4 U en al uw grote legereenheden zullen in de bergen van Israël sterven. Ik zal u aan de gieren en de wilde dieren ten prooi geven, zodat zij u kunnen verscheuren.
5 U zult de steden nooit bereiken, in het open veld zult u sneuvelen, want Ik heb gesproken,” zegt de Oppermachtige Here.
6 “Ik zal vuur laten regenen op Magog en op al uw bondgenoten, die veilig langs de kust leven. Zij zullen ontdekken dat Ik de Here ben.
7 Zo zal Ik mijn heilige naam bekendmaken onder mijn volk Israël. Ik zal niet langer toelaten dat het wordt beledigd. En ook de volken zullen weten dat Ik de Here ben, de Heilige van Israël.

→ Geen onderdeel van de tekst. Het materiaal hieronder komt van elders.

(* Let $C\subseteq 2^X$ be an isometric concept class and let $(c_1,\dots,c_m)$ be an ordering of all concepts of $C$; write $C_i=\{c_1,\dots,c_i\}$ for $1\le i\le m$. The following are equivalent: (1) every $C_i$ is ample; (2) for every $i$, $c_i$ is a corner of $C_i$; (3) every $C_i$ is isometric; (4) every $C_i$ is weakly isometric.
   Context: $X$ is a finite set; a concept class is $C\subseteq 2^X$. $C|Y=\{c\cap Y:c\in C\}$; $Y$ is shattered by $C$ if $C|Y=2^Y$. A cube of $2^X$ is $B=\{T\cup Z:Z\subseteq Y\}$ with $Y\subseteq X$, $T\subseteq X\setminus Y$; $Y$ is its support; a cube of $C$ is a cube $B\subseteq C$. $C$ is ample if every set shattered by $C$ is the support of a cube of $C$. A concept $c\in C$ is a corner of $C$ if it lies in exactly one inclusion-maximal cube of $C$. $G(C)$ is the graph on $C$ joining $c,c'$ when $|c\Delta c'|=1$; $d(c,c')=|c\Delta c'|$ is the Hamming distance. $C$ is isometric if $G(C)$ is connected and the graph distance in $G(C)$ equals $d(c,c')$ for all $c,c'\in C$; $C$ is weakly isometric if $G(C)$ is connected and the graph distance equals $d(c,c')$ for all $c,c'\in C$ with $d(c,c')\le 2$. *)

theory Defs
  imports Main
begin

definition restrict_class :: "'a set set \<Rightarrow> 'a set \<Rightarrow> 'a set set" where
  "restrict_class C Y = {c \<inter> Y | c. c \<in> C}"

definition shattered :: "'a set set \<Rightarrow> 'a set \<Rightarrow> bool" where
  "shattered C Y \<longleftrightarrow> restrict_class C Y = Pow Y"

definition cube :: "'a set \<Rightarrow> 'a set \<Rightarrow> 'a set set" where
  "cube T Y = {T \<union> Z | Z. Z \<subseteq> Y}"

definition is_cube :: "'a set \<Rightarrow> 'a set set \<Rightarrow> bool" where
  "is_cube X B \<longleftrightarrow> (\<exists>Y T. Y \<subseteq> X \<and> T \<subseteq> X - Y \<and> B = cube T Y)"

definition ample :: "'a set \<Rightarrow> 'a set set \<Rightarrow> bool" where
  "ample X C \<longleftrightarrow> (\<forall>Y. Y \<subseteq> X \<longrightarrow> shattered C Y \<longrightarrow>
      (\<exists>T. T \<subseteq> X - Y \<and> cube T Y \<subseteq> C))"

definition maximal_cube :: "'a set \<Rightarrow> 'a set set \<Rightarrow> 'a set set \<Rightarrow> bool" where
  "maximal_cube X C B \<longleftrightarrow> is_cube X B \<and> B \<subseteq> C \<and>
      \<not> (\<exists>B'. is_cube X B' \<and> B' \<subseteq> C \<and> B \<subset> B')"

definition corner :: "'a set \<Rightarrow> 'a set set \<Rightarrow> 'a set \<Rightarrow> bool" where
  "corner X C c \<longleftrightarrow> c \<in> C \<and> (\<exists>!B. maximal_cube X C B \<and> c \<in> B)"

definition symdiff :: "'a set \<Rightarrow> 'a set \<Rightarrow> 'a set" where
  "symdiff a b = (a - b) \<union> (b - a)"

definition hdist :: "'a set \<Rightarrow> 'a set \<Rightarrow> nat" where
  "hdist a b = card (symdiff a b)"

definition adj :: "'a set set \<Rightarrow> 'a set \<Rightarrow> 'a set \<Rightarrow> bool" where
  "adj C a b \<longleftrightarrow> a \<in> C \<and> b \<in> C \<and> hdist a b = 1"

text \<open>A walk in G(C) given as a nonempty list of vertices; its length is length p - 1.\<close>
definition walk :: "'a set set \<Rightarrow> 'a set list \<Rightarrow> 'a set \<Rightarrow> 'a set \<Rightarrow> bool" where
  "walk C p a b \<longleftrightarrow> p \<noteq> [] \<and> hd p = a \<and> last p = b \<and> set p \<subseteq> C \<and>
      (\<forall>i. Suc i < length p \<longrightarrow> adj C (p ! i) (p ! Suc i))"

definition connected_class :: "'a set set \<Rightarrow> bool" where
  "connected_class C \<longleftrightarrow> (\<forall>a\<in>C. \<forall>b\<in>C. \<exists>p. walk C p a b)"

definition gdist :: "'a set set \<Rightarrow> 'a set \<Rightarrow> 'a set \<Rightarrow> nat" where
  "gdist C a b = (LEAST n. \<exists>p. walk C p a b \<and> length p = Suc n)"

definition isometric :: "'a set set \<Rightarrow> bool" where
  "isometric C \<longleftrightarrow> connected_class C \<and> (\<forall>a\<in>C. \<forall>b\<in>C. gdist C a b = hdist a b)"

definition weakly_isometric :: "'a set set \<Rightarrow> bool" where
  "weakly_isometric C \<longleftrightarrow> connected_class C \<and>
     (\<forall>a\<in>C. \<forall>b\<in>C. hdist a b \<le> 2 \<longrightarrow> gdist C a b = hdist a b)"

end

theory Submission
  imports Defs
begin

text \<open>Going up: if \<open>D\<close> is ample and \<open>c \<notin> D\<close>, then \<open>D \<union> {c}\<close> contains the whole cube spanned
  at \<open>c\<close> by the directions in which \<open>c\<close> has a neighbour in \<open>D\<close>, because faces of ample classes
  are ample while a cube missing two antipodal vertices is not. So \<open>c\<close> is a corner of
  \<open>D \<union> {c}\<close>; and if \<open>D \<union> {c}\<close> is isometric, every set it shatters but \<open>D\<close> does not consists
  of such directions (read off from first steps of geodesics leaving \<open>c\<close>), so \<open>D \<union> {c}\<close> is
  ample. Going down: removing \<open>c\<close> from an isometric class keeps it isometric as soon as any two
  neighbours of \<open>c\<close> at distance two have another common neighbour, which is the case when \<open>c\<close>
  is a corner and when the smaller class is weakly isometric.\<close>

section \<open>Hamming distance\<close>

lemma symdiff_commute: "symdiff a b = symdiff b a"
  by (auto simp: symdiff_def)

lemma symdiff_self [simp]: "symdiff a a = {}"
  by (simp add: symdiff_def)

lemma symdiff_symdiff [simp]: "symdiff a (symdiff a S) = S"
  by (auto simp: symdiff_def)

lemma symdiff_eq_iff: "symdiff c x = R \<longleftrightarrow> x = symdiff c R"
  by (auto simp: symdiff_def)

lemma symdiff_empty [simp]: "symdiff c {} = c"
  by (simp add: symdiff_def)

lemma symdiff_subset_Un: "symdiff a c \<subseteq> symdiff a b \<union> symdiff b c"
  by (auto simp: symdiff_def)

lemma hdist_commute: "hdist a b = hdist b a"
  by (simp add: hdist_def symdiff_commute)

lemma hdist_self [simp]: "hdist a a = 0"
  by (simp add: hdist_def)

lemma hdist_flip [simp]: "hdist a (symdiff a {e}) = 1"
  by (simp add: hdist_def)

lemma hdist_eq_1_iff: "hdist a b = 1 \<longleftrightarrow> (\<exists>e. b = symdiff a {e})"
proof
  assume "hdist a b = 1"
  then obtain e where "symdiff a b = {e}"
    by (auto simp: hdist_def card_1_singleton_iff)
  then have "b = symdiff a {e}"
    by (auto simp: symdiff_def)
  then show "\<exists>e. b = symdiff a {e}" ..
qed auto

text \<open>Only one of the two differences needs to be finite: if \<open>symdiff b c\<close> is infinite,
  then so is \<open>symdiff a c\<close>, whose junk cardinality is \<open>0\<close>.\<close>
lemma hdist_triangle:
  assumes "finite (symdiff a b)"
  shows "hdist a c \<le> hdist a b + hdist b c"
proof (cases "finite (symdiff b c)")
  case True
  then have "card (symdiff a c) \<le> card (symdiff a b \<union> symdiff b c)"
    using assms by (intro card_mono symdiff_subset_Un) auto
  also have "\<dots> \<le> card (symdiff a b) + card (symdiff b c)"
    by (rule card_Un_le)
  finally show ?thesis
    by (simp add: hdist_def)
next
  case False
  have "symdiff b c \<subseteq> symdiff b a \<union> symdiff a c"
    by (rule symdiff_subset_Un)
  then have "infinite (symdiff a c)"
    using assms False by (metis finite_Un finite_subset symdiff_commute)
  then show ?thesis
    by (simp add: hdist_def)
qed

lemma finite_symdiff_if_hdist_pos: "0 < hdist a b \<Longrightarrow> finite (symdiff a b)"
  by (simp add: hdist_def card_ge_0_finite)

lemma hdist_le_Suc_if_hdist_eq_1: "hdist a b = 1 \<Longrightarrow> hdist a c \<le> Suc (hdist b c)"
  using hdist_triangle[of a b c] finite_symdiff_if_hdist_pos[of a b] by simp

lemma mem_symdiff_if_flip_closer:
  assumes "hdist (symdiff a {e}) b < hdist a b"
  shows "e \<in> symdiff a b"
proof (rule ccontr)
  assume "e \<notin> symdiff a b"
  then have "symdiff (symdiff a {e}) b = insert e (symdiff a b)"
    by (auto simp: symdiff_def)
  then show False
    using assms finite_symdiff_if_hdist_pos[of a b] \<open>e \<notin> symdiff a b\<close>
    by (simp add: hdist_def)
qed

section \<open>Walks and isometry\<close>

lemma walk_singleton_iff: "walk C [x] a b \<longleftrightarrow> x = a \<and> x = b \<and> x \<in> C"
  by (auto simp: walk_def)

lemma walk_Cons_Cons_iff:
  "walk C (x # y # p) a b \<longleftrightarrow> x = a \<and> adj C x y \<and> walk C (y # p) y b"
proof -
  have steps: "(\<forall>i. Suc i < length (x # y # p) \<longrightarrow> Q i) \<longleftrightarrow>
      Q 0 \<and> (\<forall>i. Suc i < length (y # p) \<longrightarrow> Q (Suc i))" for Q
    by (auto simp: less_Suc_eq_0_disj)
  show ?thesis
    unfolding walk_def steps by (auto simp: adj_def)
qed

lemma walk_Cons:
  assumes "adj C a y" and "walk C q y b"
  shows "walk C (a # q) a b"
proof -
  obtain r where "q = y # r"
    using assms(2) by (cases q) (auto simp: walk_def)
  then show ?thesis
    using assms by (simp add: walk_Cons_Cons_iff)
qed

8 Die dag van het oordeel komt eraan, alles zal gebeuren zoals Ik heb aangekondigd.
9 De inwoners van de steden van Israël zullen naar buiten komen en uw schilden, pijlen, bogen en speren verzamelen om te verbranden. Het zal genoeg zijn om hun zeven jaar van brandstof te voorzien.
10 Zeven jaar lang zullen zij niets anders nodig hebben voor hun haardvuren. Zij zullen geen hout hoeven te verzamelen op het land of in het bos, want deze wapens leveren alles wat zij nodig hebben. Zij zullen de bezittingen gebruiken van degenen die hen aanvielen.